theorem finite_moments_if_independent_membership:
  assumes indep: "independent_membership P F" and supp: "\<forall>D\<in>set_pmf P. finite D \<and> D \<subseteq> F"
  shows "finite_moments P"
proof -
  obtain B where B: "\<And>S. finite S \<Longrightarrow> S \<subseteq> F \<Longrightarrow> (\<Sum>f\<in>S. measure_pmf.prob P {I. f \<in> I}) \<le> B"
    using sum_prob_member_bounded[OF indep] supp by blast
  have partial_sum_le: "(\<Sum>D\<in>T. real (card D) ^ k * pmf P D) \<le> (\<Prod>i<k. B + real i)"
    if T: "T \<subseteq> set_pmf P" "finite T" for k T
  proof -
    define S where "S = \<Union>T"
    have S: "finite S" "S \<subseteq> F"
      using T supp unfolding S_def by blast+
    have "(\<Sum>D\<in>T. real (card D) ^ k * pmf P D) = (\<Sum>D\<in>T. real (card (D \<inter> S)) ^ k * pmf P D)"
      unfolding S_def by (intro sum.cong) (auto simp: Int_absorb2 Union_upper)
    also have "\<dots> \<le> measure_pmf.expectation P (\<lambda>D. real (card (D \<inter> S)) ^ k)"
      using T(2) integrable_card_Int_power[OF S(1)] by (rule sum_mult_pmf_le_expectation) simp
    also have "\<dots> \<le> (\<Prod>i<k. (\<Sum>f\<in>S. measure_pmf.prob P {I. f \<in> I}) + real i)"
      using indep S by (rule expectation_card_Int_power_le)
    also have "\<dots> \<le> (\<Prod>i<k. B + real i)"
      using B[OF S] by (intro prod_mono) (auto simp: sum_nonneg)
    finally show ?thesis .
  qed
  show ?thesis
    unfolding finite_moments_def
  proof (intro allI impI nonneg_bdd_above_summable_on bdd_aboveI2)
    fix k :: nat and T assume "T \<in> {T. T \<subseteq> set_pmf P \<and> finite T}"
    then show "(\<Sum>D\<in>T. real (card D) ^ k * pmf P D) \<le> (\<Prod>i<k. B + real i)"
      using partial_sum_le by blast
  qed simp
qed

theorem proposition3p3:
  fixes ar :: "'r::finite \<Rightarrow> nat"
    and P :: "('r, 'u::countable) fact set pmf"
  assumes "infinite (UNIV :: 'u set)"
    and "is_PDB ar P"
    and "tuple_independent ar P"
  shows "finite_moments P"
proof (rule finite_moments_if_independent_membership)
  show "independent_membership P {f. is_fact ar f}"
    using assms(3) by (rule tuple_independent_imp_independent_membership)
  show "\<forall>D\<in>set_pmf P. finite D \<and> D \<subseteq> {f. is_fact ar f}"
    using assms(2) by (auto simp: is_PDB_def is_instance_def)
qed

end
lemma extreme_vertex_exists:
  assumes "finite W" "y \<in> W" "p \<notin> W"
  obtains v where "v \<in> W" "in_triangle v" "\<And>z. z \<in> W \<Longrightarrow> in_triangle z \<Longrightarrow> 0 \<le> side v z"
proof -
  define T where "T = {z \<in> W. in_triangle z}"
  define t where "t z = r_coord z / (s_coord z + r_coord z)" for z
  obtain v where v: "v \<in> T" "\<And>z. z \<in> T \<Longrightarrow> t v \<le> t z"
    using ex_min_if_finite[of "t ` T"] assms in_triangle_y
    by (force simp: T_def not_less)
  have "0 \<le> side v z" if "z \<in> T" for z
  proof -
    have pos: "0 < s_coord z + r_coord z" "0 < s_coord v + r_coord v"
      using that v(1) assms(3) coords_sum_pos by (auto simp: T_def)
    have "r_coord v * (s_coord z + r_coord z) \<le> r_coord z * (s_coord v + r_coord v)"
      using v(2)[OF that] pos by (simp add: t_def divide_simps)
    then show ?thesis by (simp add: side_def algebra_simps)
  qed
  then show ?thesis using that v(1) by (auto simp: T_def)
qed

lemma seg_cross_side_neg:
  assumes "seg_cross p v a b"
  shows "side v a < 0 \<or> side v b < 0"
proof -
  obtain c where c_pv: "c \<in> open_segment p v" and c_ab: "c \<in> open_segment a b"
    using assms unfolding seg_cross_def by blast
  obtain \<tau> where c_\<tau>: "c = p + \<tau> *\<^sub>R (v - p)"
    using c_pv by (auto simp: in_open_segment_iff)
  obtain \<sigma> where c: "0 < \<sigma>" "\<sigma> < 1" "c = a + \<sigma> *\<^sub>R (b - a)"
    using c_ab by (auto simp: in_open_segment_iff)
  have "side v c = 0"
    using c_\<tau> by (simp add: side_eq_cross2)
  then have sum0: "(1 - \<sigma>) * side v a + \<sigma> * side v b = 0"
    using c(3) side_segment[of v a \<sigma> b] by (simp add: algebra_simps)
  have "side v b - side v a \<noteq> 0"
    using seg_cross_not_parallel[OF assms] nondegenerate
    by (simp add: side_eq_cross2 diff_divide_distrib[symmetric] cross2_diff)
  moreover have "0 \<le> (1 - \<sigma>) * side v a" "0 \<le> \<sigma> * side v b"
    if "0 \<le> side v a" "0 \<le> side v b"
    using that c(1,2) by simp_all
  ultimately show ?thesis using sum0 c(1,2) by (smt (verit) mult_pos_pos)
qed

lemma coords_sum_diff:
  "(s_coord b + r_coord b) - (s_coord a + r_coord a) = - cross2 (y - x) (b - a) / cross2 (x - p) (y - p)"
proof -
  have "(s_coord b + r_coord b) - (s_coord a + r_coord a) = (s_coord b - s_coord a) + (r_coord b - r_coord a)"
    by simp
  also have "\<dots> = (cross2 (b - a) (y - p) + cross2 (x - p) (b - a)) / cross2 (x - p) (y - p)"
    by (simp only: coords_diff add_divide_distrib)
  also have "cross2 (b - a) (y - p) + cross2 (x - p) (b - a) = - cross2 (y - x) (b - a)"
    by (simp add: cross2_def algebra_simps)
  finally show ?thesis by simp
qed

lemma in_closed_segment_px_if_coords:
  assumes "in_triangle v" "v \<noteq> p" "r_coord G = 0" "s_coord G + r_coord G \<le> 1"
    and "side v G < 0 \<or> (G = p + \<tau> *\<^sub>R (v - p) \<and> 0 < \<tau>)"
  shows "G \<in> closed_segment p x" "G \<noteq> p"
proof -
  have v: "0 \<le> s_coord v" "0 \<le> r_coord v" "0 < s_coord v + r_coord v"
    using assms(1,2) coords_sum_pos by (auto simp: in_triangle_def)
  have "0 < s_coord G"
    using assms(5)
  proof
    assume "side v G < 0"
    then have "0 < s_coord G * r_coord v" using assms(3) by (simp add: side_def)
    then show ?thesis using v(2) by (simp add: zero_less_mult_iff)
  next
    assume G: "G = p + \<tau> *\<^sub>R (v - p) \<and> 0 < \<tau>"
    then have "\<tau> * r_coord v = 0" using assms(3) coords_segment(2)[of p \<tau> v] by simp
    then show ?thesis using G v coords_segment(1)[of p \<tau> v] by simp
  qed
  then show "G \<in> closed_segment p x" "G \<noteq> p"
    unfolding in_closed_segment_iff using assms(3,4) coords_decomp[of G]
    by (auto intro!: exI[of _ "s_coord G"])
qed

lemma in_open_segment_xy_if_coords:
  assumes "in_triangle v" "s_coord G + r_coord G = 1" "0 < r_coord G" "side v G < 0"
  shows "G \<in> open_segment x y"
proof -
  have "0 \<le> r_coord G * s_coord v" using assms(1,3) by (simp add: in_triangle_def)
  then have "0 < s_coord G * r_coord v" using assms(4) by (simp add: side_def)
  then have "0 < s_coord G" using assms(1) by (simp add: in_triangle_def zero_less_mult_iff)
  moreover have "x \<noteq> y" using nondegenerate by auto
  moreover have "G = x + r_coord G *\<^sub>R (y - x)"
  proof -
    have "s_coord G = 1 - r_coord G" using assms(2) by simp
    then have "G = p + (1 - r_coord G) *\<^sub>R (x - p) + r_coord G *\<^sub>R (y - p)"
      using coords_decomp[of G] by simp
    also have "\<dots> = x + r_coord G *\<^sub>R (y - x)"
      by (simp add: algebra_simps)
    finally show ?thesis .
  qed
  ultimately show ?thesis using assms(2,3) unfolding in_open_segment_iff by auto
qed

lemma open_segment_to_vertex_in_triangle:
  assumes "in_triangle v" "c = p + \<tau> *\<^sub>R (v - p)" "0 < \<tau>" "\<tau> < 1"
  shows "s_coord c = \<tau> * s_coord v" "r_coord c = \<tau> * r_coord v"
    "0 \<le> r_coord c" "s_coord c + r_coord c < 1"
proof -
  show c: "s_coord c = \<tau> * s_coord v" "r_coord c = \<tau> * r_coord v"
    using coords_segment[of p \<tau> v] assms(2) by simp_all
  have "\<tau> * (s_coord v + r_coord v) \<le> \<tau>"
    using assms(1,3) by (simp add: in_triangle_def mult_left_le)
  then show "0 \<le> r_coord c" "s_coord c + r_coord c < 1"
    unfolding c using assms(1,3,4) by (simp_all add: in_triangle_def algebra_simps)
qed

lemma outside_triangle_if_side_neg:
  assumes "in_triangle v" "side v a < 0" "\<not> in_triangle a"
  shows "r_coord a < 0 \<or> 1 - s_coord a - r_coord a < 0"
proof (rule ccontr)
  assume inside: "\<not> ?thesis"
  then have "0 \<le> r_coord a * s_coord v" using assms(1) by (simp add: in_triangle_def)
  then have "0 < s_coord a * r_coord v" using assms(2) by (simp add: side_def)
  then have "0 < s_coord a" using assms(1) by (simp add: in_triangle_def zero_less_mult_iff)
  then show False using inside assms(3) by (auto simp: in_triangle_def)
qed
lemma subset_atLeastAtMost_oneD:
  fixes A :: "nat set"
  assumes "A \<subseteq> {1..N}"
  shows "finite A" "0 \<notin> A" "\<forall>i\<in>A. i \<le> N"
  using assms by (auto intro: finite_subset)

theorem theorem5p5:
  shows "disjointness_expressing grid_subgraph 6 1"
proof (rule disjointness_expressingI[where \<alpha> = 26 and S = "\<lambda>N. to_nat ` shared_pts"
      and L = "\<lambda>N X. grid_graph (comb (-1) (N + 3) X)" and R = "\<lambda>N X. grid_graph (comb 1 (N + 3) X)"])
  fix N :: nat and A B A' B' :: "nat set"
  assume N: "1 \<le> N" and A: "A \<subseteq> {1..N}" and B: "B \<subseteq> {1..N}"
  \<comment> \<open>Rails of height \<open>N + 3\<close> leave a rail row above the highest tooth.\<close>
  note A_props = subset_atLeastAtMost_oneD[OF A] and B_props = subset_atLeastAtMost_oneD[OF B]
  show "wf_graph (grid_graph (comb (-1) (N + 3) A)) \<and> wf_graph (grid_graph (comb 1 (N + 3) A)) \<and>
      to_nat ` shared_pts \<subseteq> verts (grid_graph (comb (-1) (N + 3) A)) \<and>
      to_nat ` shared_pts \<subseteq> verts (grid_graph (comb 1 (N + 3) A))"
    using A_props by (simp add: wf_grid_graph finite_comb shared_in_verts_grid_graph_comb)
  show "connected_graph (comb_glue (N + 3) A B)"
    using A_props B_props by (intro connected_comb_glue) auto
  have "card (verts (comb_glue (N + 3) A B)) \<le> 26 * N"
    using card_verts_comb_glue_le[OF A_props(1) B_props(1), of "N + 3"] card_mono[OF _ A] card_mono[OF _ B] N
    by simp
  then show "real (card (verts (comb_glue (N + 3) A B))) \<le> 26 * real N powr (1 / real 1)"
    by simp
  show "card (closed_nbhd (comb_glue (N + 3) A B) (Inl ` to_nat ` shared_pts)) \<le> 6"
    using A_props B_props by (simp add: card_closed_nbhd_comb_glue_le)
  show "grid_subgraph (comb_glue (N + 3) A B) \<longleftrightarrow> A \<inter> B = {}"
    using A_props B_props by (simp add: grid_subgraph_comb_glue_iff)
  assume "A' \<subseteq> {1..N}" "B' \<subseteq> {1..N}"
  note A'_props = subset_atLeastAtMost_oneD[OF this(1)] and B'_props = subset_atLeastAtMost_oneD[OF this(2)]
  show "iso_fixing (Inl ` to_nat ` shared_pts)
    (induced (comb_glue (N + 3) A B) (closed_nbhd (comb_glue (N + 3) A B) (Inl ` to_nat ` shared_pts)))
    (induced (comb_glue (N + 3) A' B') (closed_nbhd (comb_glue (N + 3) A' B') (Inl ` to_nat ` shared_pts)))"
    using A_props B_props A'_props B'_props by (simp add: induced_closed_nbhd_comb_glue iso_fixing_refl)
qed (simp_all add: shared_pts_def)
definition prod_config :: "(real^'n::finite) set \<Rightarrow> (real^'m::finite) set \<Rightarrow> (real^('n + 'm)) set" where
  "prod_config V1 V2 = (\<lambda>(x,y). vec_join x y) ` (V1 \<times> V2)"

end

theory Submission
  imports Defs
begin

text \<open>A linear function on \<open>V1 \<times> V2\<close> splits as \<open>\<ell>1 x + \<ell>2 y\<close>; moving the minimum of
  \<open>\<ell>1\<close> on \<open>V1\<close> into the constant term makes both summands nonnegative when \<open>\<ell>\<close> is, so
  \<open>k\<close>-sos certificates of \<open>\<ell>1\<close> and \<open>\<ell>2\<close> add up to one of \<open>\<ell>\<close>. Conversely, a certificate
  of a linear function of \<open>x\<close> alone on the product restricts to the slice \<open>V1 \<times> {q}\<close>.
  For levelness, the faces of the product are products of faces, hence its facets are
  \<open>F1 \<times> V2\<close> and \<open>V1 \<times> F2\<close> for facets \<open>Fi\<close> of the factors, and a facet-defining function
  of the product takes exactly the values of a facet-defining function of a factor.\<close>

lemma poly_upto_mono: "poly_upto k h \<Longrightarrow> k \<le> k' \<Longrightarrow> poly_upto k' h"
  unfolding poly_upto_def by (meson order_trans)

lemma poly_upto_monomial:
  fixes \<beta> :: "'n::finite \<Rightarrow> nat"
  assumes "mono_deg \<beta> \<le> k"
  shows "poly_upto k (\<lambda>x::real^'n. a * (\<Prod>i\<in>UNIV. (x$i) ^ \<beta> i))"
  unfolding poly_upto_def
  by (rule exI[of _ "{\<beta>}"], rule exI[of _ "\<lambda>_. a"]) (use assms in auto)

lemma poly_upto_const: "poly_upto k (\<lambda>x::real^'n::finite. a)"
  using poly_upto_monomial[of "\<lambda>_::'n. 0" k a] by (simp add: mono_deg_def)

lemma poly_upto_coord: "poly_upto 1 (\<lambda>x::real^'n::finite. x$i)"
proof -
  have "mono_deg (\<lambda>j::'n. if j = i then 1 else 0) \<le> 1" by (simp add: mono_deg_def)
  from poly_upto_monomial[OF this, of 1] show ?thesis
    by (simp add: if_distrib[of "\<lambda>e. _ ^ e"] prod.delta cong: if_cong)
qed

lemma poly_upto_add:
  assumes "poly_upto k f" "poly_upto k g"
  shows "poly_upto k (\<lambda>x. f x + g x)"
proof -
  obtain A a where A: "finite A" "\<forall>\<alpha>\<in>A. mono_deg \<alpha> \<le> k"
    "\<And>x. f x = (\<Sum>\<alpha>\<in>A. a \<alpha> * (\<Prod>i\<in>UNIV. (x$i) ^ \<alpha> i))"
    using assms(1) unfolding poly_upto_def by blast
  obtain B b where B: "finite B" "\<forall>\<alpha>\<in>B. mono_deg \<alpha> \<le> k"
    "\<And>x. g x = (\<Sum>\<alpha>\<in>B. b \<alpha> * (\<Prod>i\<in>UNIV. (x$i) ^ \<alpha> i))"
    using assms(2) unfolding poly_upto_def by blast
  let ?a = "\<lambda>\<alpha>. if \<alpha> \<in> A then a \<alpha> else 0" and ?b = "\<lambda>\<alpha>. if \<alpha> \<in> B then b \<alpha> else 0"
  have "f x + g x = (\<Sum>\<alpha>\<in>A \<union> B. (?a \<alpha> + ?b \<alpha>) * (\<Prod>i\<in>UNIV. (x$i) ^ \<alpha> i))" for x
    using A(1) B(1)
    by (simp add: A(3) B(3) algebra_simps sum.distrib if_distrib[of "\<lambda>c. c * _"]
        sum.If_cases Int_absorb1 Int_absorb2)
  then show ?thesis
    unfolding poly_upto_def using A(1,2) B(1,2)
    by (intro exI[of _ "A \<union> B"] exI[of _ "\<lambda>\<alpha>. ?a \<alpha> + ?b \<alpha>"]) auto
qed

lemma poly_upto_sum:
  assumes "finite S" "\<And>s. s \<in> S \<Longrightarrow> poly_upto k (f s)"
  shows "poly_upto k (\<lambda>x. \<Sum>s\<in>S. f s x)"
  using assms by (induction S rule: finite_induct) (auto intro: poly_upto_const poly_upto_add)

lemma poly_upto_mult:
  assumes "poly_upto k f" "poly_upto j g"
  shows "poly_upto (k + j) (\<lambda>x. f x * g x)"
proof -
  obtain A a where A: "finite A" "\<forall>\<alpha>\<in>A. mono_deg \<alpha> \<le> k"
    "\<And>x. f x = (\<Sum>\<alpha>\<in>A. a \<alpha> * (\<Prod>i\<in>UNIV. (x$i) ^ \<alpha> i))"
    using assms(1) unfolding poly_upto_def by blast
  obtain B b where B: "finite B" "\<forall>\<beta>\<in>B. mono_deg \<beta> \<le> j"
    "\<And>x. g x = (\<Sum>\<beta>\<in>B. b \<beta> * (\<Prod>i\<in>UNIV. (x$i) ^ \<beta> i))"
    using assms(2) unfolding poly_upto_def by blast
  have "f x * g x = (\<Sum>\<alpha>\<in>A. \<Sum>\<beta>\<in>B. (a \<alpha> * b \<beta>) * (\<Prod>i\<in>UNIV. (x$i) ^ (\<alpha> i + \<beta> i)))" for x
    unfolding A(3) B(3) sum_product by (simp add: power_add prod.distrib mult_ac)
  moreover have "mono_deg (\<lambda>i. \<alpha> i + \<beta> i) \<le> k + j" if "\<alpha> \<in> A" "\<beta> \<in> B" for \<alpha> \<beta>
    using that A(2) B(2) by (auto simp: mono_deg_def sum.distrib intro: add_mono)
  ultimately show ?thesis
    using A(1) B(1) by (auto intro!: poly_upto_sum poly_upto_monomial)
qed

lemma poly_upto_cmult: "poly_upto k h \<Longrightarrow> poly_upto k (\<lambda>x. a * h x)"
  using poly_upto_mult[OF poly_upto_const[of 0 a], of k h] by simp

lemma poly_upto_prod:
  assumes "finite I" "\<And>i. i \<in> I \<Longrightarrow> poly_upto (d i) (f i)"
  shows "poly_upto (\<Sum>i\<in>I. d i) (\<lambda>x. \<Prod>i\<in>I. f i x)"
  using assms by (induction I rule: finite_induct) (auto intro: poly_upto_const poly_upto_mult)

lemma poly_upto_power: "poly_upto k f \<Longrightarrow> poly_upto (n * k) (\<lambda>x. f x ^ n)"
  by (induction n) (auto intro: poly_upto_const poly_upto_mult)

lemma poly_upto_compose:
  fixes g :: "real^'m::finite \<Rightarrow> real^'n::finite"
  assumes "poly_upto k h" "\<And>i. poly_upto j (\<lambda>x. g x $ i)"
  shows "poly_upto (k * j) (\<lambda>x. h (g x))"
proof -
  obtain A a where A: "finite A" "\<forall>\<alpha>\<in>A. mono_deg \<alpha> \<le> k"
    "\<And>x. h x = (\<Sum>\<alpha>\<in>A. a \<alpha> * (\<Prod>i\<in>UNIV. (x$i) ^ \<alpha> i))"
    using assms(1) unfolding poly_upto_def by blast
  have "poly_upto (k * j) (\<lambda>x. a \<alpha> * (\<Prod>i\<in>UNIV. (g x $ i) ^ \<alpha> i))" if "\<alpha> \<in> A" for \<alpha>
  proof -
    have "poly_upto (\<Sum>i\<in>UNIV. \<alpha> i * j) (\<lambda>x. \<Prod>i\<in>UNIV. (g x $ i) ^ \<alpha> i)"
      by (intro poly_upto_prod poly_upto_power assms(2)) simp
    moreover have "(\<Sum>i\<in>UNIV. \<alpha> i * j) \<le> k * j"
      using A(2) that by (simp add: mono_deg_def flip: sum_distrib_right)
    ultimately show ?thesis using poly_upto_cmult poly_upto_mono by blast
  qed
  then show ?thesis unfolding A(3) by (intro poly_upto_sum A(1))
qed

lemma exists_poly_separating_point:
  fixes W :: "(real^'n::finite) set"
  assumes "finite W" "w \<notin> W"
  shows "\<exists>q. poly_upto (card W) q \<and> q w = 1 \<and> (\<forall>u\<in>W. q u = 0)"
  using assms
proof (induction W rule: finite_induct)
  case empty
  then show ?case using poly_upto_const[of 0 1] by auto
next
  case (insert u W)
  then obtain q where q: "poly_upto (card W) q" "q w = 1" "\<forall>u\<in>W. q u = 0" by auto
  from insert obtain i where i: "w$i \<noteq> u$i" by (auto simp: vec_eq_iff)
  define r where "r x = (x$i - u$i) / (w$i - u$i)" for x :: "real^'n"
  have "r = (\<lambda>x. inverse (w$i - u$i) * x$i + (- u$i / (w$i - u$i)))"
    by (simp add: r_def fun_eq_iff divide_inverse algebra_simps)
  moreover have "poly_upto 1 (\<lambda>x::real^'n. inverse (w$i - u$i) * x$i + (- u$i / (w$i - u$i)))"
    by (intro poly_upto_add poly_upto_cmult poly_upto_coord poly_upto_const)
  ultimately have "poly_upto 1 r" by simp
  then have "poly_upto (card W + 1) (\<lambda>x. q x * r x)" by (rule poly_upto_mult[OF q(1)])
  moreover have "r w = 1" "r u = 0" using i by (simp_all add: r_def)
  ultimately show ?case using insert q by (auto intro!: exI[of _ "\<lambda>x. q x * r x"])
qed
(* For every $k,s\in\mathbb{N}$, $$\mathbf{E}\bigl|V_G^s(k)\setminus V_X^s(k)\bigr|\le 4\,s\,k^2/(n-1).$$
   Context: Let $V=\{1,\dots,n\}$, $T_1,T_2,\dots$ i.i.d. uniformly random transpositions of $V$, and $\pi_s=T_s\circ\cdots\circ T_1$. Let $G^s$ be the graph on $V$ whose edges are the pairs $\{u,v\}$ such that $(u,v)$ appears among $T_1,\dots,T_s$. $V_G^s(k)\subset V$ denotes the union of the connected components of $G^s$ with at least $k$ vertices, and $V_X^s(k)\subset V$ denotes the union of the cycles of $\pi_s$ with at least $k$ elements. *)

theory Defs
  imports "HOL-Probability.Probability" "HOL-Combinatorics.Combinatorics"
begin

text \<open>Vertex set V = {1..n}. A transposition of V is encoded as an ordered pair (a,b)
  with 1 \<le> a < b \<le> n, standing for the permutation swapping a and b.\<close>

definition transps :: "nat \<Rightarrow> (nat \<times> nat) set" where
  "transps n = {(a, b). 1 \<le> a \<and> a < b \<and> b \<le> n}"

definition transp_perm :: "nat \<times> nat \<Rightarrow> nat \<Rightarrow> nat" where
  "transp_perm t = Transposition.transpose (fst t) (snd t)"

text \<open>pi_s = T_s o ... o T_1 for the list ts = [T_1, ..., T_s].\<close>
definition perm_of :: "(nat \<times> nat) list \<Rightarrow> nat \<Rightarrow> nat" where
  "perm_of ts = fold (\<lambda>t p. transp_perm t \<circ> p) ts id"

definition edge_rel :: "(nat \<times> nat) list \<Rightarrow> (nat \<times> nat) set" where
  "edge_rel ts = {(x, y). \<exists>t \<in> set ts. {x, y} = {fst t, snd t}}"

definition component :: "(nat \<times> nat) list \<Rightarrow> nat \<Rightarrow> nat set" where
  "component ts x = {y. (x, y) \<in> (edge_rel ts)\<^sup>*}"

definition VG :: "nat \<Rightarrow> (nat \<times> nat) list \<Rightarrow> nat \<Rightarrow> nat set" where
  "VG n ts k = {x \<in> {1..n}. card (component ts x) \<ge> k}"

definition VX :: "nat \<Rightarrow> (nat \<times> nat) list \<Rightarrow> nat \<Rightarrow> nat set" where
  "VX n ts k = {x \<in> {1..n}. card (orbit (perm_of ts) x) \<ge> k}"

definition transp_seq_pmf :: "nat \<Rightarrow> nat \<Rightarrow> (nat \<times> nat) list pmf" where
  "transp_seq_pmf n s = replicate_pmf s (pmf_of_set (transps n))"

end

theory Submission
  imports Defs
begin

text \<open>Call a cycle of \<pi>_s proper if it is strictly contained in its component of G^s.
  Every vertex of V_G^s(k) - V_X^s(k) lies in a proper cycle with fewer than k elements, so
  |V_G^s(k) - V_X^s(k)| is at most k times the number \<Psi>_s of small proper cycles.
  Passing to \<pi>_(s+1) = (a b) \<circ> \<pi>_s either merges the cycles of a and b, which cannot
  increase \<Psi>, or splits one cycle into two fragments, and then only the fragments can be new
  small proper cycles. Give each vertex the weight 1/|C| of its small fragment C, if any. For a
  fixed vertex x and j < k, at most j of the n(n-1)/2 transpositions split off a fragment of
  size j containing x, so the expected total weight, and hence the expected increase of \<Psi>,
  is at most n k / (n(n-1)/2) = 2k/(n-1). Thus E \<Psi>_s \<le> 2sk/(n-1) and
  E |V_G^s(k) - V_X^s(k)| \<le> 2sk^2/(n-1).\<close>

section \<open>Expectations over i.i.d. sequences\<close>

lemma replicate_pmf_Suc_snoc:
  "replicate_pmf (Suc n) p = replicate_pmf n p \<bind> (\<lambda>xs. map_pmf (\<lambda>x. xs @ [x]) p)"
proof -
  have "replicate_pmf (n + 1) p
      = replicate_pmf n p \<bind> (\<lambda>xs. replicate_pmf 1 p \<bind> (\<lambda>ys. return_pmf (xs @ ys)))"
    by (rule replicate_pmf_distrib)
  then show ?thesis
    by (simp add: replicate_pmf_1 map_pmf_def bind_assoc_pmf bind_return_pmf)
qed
========================================================================
**PROBLEM**
Take the entries above and copy them exactly from the first line through the line with "using T supp unfolding S_def by blast+"; leave out every line after it.

**SOLVED PROBLEM**
theorem finite_moments_if_independent_membership:
  assumes indep: "independent_membership P F" and supp: "\<forall>D\<in>set_pmf P. finite D \<and> D \<subseteq> F"
  shows "finite_moments P"
proof -
  obtain B where B: "\<And>S. finite S \<Longrightarrow> S \<subseteq> F \<Longrightarrow> (\<Sum>f\<in>S. measure_pmf.prob P {I. f \<in> I}) \<le> B"
    using sum_prob_member_bounded[OF indep] supp by blast
  have partial_sum_le: "(\<Sum>D\<in>T. real (card D) ^ k * pmf P D) \<le> (\<Prod>i<k. B + real i)"
    if T: "T \<subseteq> set_pmf P" "finite T" for k T
  proof -
    define S where "S = \<Union>T"
    have S: "finite S" "S \<subseteq> F"
      using T supp unfolding S_def by blast+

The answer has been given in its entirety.